Would you return, word for word, the lines of the data below from the line with "vec.subspace H \<and>" through the line with "y^(q-1))^k \<equiv> u^(qk)", and no others?
══ Extracted entries
(* Let $p$ be a prime, $q$ a power of $p$, $V$ a finite-dimensional $\mathbb{F}_q$-vector space, and $k=q^ar$ with integers $a\ge0$, $1\le r\le q-1$. For each nonzero $y\in V^*$ and any linear complement $W$ of $\mathbb{F}_q y$ in $V^*$, one has the equality of ideals of $\mathrm{Sym}^*(V^* )$ $$I(V^*,k)+(y^k)=I(W,qk)+(y^k),$$ where $I(W,qk)$ denotes the ideal of $\mathrm{Sym}^*(V^* )$ generated by the generators of $I(W,qk)\subset\mathrm{Sym}^*(W)$.
   Context: For a finite-dimensional $\mathbb{F}_q$-vector space $U$ (here $U=V^*$ or $U=W$), fix for each line $\ell$ of $U$ a nonzero $u_\ell\in\ell$; for a hyperplane $H$ of $U$, $V_{H,U}=\prod_{\ell\subset U,\ \ell\not\subset H}u_\ell$; $I(U,m)$ is the ideal of $\mathrm{Sym}^*(U)$ generated by all $V_{H,U}^m$ with $H$ a hyperplane of $U$ (independent, up to units, of the choice of $u_\ell$). *)

theory Defs
  imports "HOL-Analysis.Analysis" "HOL-Library.Poly_Mapping"
begin

text \<open>Model: V^* is the coordinate space 'k^'n (coordinates w.r.t. a fixed basis of V^*),
  and Sym^*(V^*) is the polynomial ring 'k[x_i | i :: 'n], represented as polynomial mappings
  from monomials to coefficients.\<close>

type_synonym ('k, 'n) sympoly = "('n \<Rightarrow>\<^sub>0 nat) \<Rightarrow>\<^sub>0 'k"

definition lin :: "'k::field ^ 'n::finite \<Rightarrow> ('k, 'n) sympoly" where
  "lin u = (\<Sum>i\<in>UNIV. Poly_Mapping.single (Poly_Mapping.single i 1) (u $ i))"

definition gen_ideal :: "'a::comm_ring_1 set \<Rightarrow> 'a set" where
  "gen_ideal S = {x. \<exists>F c. finite F \<and> F \<subseteq> S \<and> x = (\<Sum>g\<in>F. c g * g)}"

definition ideal_sum :: "'a::comm_ring_1 set \<Rightarrow> 'a set \<Rightarrow> 'a set" where
  "ideal_sum I J = gen_ideal (I \<union> J)"

definition lines_of :: "('k::field ^ 'n::finite) set \<Rightarrow> ('k ^ 'n) set set" where
  "lines_of U = {vec.span {u} | u. u \<in> U \<and> u \<noteq> 0}"

definition hyperplanes_of :: "('k::field ^ 'n::finite) set \<Rightarrow> ('k ^ 'n) set set" where
  "hyperplanes_of U = {H. vec.subspace H \<and> H \<subseteq> U \<and> vec.dim H + 1 = vec.dim U}"

definition line_rep :: "('k::field ^ 'n::finite) set \<Rightarrow> 'k ^ 'n" where
  "line_rep l = (SOME u. u \<in> l \<and> u \<noteq> 0)"

definition VH :: "('k::field ^ 'n::finite) set \<Rightarrow> ('k ^ 'n) set \<Rightarrow> ('k, 'n) sympoly" where
  "VH U H = (\<Prod>l\<in>{l \<in> lines_of U. \<not> l \<subseteq> H}. lin (line_rep l))"

definition I_ideal :: "('k::field ^ 'n::finite) set \<Rightarrow> nat \<Rightarrow> ('k, 'n) sympoly set" where
  "I_ideal U m = gen_ideal {VH U H ^ m | H. H \<in> hyperplanes_of U}"

end

(*
  Write V^* = W + F_q y. If a hyperplane H of V^* does not contain y, then F_q y is one of the lines
  in the product V_{H,V^*}, so V_{H,V^*}^k lies in (y^k). If y \<in> H, then H \<inter> W is a hyperplane of W,
  and every hyperplane H' of W arises in this way, from H = span (H' + F_q y). The lines of V^* not in H
  are exactly the lines F_q (u + c y) with F_q u a line of W not in H and c \<in> F_q, so up to a nonzero
  scalar V_{H,V^*} = \<Prod>_u \<Prod>_c (u + c y) = \<Prod>_u (u^q - u y^(q-1)), the homogenized form of
  \<Prod>_c (X + c) = X^q - X. As k = q^a r with r < q, the Frobenius gives (u^q - u y^(q-1))^k \<equiv> u^(qk)
  modulo y^k. Hence V_{H,V^*}^k is a unit multiple of V_{H \<inter> W,W}^(qk) modulo y^k.
*)

theory Submission
  imports Defs "HOL-Computational_Algebra.Polynomial" "HOL-Number_Theory.Residues"
begin

section \<open>Ideals generated by sets\<close>

interpretation ring_module: Modules.module "(*) :: 'a::comm_ring_1 \<Rightarrow> 'a \<Rightarrow> 'a"
  by unfold_locales (simp_all add: algebra_simps)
════
Exercise response:
  "hyperplanes_of U = {H. vec.subspace H \<and> H \<subseteq> U \<and> vec.dim H + 1 = vec.dim U}"

definition line_rep :: "('k::field ^ 'n::finite) set \<Rightarrow> 'k ^ 'n" where
  "line_rep l = (SOME u. u \<in> l \<and> u \<noteq> 0)"

definition VH :: "('k::field ^ 'n::finite) set \<Rightarrow> ('k ^ 'n) set \<Rightarrow> ('k, 'n) sympoly" where
  "VH U H = (\<Prod>l\<in>{l \<in> lines_of U. \<not> l \<subseteq> H}. lin (line_rep l))"

definition I_ideal :: "('k::field ^ 'n::finite) set \<Rightarrow> nat \<Rightarrow> ('k, 'n) sympoly set" where
  "I_ideal U m = gen_ideal {VH U H ^ m | H. H \<in> hyperplanes_of U}"

end

(*
  Write V^* = W + F_q y. If a hyperplane H of V^* does not contain y, then F_q y is one of the lines
  in the product V_{H,V^*}, so V_{H,V^*}^k lies in (y^k). If y \<in> H, then H \<inter> W is a hyperplane of W,
  and every hyperplane H' of W arises in this way, from H = span (H' + F_q y). The lines of V^* not in H
  are exactly the lines F_q (u + c y) with F_q u a line of W not in H and c \<in> F_q, so up to a nonzero
  scalar V_{H,V^*} = \<Prod>_u \<Prod>_c (u + c y) = \<Prod>_u (u^q - u y^(q-1)), the homogenized form of
  \<Prod>_c (X + c) = X^q - X. As k = q^a r with r < q, the Frobenius gives (u^q - u y^(q-1))^k \<equiv> u^(qk)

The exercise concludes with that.